What is required: Look below. Copy each line that has "where" in it.

(Saved data entries)
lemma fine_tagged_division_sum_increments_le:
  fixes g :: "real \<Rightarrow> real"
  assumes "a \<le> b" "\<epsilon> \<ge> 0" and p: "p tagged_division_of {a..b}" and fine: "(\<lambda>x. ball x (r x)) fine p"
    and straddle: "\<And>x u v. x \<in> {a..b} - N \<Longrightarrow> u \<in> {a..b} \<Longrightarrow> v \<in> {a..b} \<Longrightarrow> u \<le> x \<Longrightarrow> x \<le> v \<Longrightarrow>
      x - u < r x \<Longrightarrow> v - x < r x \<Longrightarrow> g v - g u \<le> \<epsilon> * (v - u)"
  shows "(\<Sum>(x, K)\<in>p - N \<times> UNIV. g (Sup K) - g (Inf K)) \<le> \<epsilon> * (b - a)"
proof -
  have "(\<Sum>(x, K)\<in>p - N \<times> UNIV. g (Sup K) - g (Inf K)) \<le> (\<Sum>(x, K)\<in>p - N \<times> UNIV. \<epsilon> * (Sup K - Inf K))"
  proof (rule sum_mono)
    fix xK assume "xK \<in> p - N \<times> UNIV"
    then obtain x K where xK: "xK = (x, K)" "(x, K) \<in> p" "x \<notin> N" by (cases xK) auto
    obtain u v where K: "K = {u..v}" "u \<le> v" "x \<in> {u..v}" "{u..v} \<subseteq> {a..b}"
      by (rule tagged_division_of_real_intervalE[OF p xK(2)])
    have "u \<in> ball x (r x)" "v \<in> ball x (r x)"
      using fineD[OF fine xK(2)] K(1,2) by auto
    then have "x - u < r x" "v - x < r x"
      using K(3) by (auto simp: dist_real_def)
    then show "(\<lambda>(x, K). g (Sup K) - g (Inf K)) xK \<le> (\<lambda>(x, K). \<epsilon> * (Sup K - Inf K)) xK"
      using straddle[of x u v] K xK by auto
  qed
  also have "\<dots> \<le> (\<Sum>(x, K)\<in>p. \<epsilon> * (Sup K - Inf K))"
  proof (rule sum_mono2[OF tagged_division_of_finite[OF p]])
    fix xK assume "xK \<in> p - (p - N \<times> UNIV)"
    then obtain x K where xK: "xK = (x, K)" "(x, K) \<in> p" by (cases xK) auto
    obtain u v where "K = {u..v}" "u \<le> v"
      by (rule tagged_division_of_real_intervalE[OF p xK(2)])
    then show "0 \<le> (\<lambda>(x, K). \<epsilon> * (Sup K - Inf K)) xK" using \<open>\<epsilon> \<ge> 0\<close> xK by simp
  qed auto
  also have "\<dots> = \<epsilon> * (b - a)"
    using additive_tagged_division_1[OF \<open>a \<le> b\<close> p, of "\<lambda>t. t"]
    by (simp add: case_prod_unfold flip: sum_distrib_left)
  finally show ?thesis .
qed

Exercise output:
    then obtain x K where xK: "xK = (x, K)" "(x, K) \<in> p" "x \<notin> N" by (cases xK) auto
    obtain u v where K: "K = {u..v}" "u \<le> v" "x \<in> {u..v}" "{u..v} \<subseteq> {a..b}"
    then obtain x K where xK: "xK = (x, K)" "(x, K) \<in> p" by (cases xK) auto
    obtain u v where "K = {u..v}" "u \<le> v"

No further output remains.